## WHAT THIS TASK INVOLVES
Once the line containing "finally show ?thesis" is found in the records below, return it and each following line exactly, up to and including the line containing "section \<open>Rooted subtrees", and nothing else.

## MATERIAL FOR THIS EXERCISE
- Opening Delimiter -

lemma sum_basic_solution_cut:
  assumes sol: "is_basic_solution nI nJ L lam mu eps B v"
    and BV: "B \<subseteq> lp_vars nJ L" and L: "L \<subseteq> {1..nI} \<times> {1..nJ}"
    and T: "T \<subseteq> lp_rows nI nJ"
  shows "(\<Sum>c\<in>B. v c * lp_row_comb (cut_weight T) c)
    = sum mu (S_of T) - eps * card (S_of T) - sum lam (C_of T)"
proof -
  have supp: "\<forall>x. x \<notin> B \<longrightarrow> v x = 0"
    and eq: "\<forall>r\<in>lp_rows nI nJ. (\<Sum>c\<in>lp_vars nJ L. lp_mat r c * v c) = lp_rhs lam mu eps r"
    using sol unfolding is_basic_solution_def by auto
  have "(\<Sum>c\<in>B. v c * lp_row_comb (cut_weight T) c)
      = (\<Sum>c\<in>B. v c * (\<Sum>r\<in>lp_rows nI nJ. cut_weight T r * lp_mat r c))"
    using BV by (intro sum.cong) (auto simp: sum_rows_lp_mat[OF _ L])
  also have "\<dots> = (\<Sum>r\<in>lp_rows nI nJ. cut_weight T r * (\<Sum>c\<in>B. lp_mat r c * v c))"
    by (simp add: sum_distrib_left sum.swap[of _ B] ac_simps)
  also have "\<dots> = (\<Sum>r\<in>lp_rows nI nJ. cut_weight T r * lp_rhs lam mu eps r)"
    using eq sum_lp_vars_supported[OF BV L supp] by (intro sum.cong) auto
  also have "\<dots> = (\<Sum>i\<in>{1..nI}. cut_weight T (Inl i) * lam i)
      + (\<Sum>j\<in>{1..nJ}. cut_weight T (Inr j) * (mu j - eps))"
    unfolding lp_rows_def by (subst sum.union_disjoint) (auto simp: sum.reindex)
  also have "(\<Sum>i\<in>{1..nI}. cut_weight T (Inl i) * lam i) = (\<Sum>i\<in>C_of T. - lam i)"
    using C_of_subset[OF T]
    by (intro sum.mono_neutral_cong_right) (auto simp: cut_weight_def C_of_def)
  also have "(\<Sum>j\<in>{1..nJ}. cut_weight T (Inr j) * (mu j - eps)) = (\<Sum>j\<in>S_of T. mu j - eps)"
    using S_of_subset[OF T]
    by (intro sum.mono_neutral_cong_right) (auto simp: cut_weight_def S_of_def)
  finally show ?thesis by (simp add: sum_negf sum_subtractf)
qed

definition cut_isolates :: "var set \<Rightarrow> row set \<Rightarrow> var \<Rightarrow> bool" where
  "cut_isolates B T c \<longleftrightarrow> (\<forall>c'\<in>B - {c}. lp_row_comb (cut_weight T) c' = 0)"

lemma basic_solution_isolating_cut:
  assumes sol: "is_basic_solution nI nJ L lam mu eps B v"
    and bas: "is_basis nI nJ L B" and L: "L \<subseteq> {1..nI} \<times> {1..nJ}"
    and T: "T \<subseteq> lp_rows nI nJ" and c: "c \<in> B" and iso: "cut_isolates B T c"
  shows "v c * lp_row_comb (cut_weight T) c
    = sum mu (S_of T) - eps * card (S_of T) - sum lam (C_of T)"
proof -
  have "(\<Sum>c'\<in>B. v c' * lp_row_comb (cut_weight T) c') = v c * lp_row_comb (cut_weight T) c"
    using iso c is_basis_finite[OF bas L]
    by (simp add: sum.remove cut_isolates_def sum.neutral)
  with sum_basic_solution_cut[OF sol is_basis_subset_lp_vars[OF bas] L T] show ?thesis
    by simp
qed

section \<open>Rooted subtrees of a symmetric relation\<close>

definition rooted_subtree :: "('a \<times> 'a) set \<Rightarrow> 'a set \<Rightarrow> 'a \<Rightarrow> 'a set" where
  "rooted_subtree E Rt v = {v} \<union> {w. w \<noteq> v \<and> (w, v) \<in> E\<^sup>* \<and>
     \<not> (\<exists>r\<in>Rt. r \<noteq> v \<and> (w, r) \<in> {(a, b) \<in> E. a \<noteq> v \<and> b \<noteq> v}\<^sup>*)}"

lemma subtree_eq_rooted_subtree:
  "subtree B v = rooted_subtree (forest_edges B) (forest_roots B) v"
  unfolding subtree_def rooted_subtree_def ..

lemma rtrancl_sym_swap: "sym E \<Longrightarrow> (x, y) \<in> E\<^sup>* \<Longrightarrow> (y, x) \<in> E\<^sup>*"
  by (rule symD[OF sym_rtrancl])

lemma rtrancl_bridge_cases:
  assumes "E \<subseteq> E' \<union> {(p, q), (q, p)}" and "(x, y) \<in> E\<^sup>*"
  shows "(x, y) \<in> E'\<^sup>* \<or> (x, p) \<in> E'\<^sup>* \<or> (x, q) \<in> E'\<^sup>*"
  using assms(2)
proof (induction rule: rtrancl_induct)
  case base
  then show ?case by simp
next
  case (step y z)
  then show ?case using assms(1) by (auto intro: rtrancl_into_rtrancl)
qed

lemma rtrancl_avoiding:
  assumes "(w, R) \<in> E'\<^sup>*" and "(q, R) \<notin> E'\<^sup>*" and "E' \<subseteq> E"
  shows "(w, R) \<in> {(a, b) \<in> E. a \<noteq> q \<and> b \<noteq> q}\<^sup>*"
  using assms(1)
proof (induction rule: converse_rtrancl_induct)
  case base
  then show ?case by simp
next
  case (step y z)
  then have "y \<noteq> q" "z \<noteq> q" using assms(2) by (auto intro: converse_rtrancl_into_rtrancl)
  with step assms(3) show ?case by (auto intro: converse_rtrancl_into_rtrancl)
qed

- Closing Delimiter -

## ANSWER BELOW
  finally show ?thesis by (simp add: sum_negf sum_subtractf)
qed

definition cut_isolates :: "var set \<Rightarrow> row set \<Rightarrow> var \<Rightarrow> bool" where
  "cut_isolates B T c \<longleftrightarrow> (\<forall>c'\<in>B - {c}. lp_row_comb (cut_weight T) c' = 0)"

lemma basic_solution_isolating_cut:
  assumes sol: "is_basic_solution nI nJ L lam mu eps B v"
    and bas: "is_basis nI nJ L B" and L: "L \<subseteq> {1..nI} \<times> {1..nJ}"
    and T: "T \<subseteq> lp_rows nI nJ" and c: "c \<in> B" and iso: "cut_isolates B T c"
  shows "v c * lp_row_comb (cut_weight T) c
    = sum mu (S_of T) - eps * card (S_of T) - sum lam (C_of T)"
proof -
  have "(\<Sum>c'\<in>B. v c' * lp_row_comb (cut_weight T) c') = v c * lp_row_comb (cut_weight T) c"
    using iso c is_basis_finite[OF bas L]
    by (simp add: sum.remove cut_isolates_def sum.neutral)
  with sum_basic_solution_cut[OF sol is_basis_subset_lp_vars[OF bas] L T] show ?thesis
    by simp
qed

section \<open>Rooted subtrees of a symmetric relation\<close>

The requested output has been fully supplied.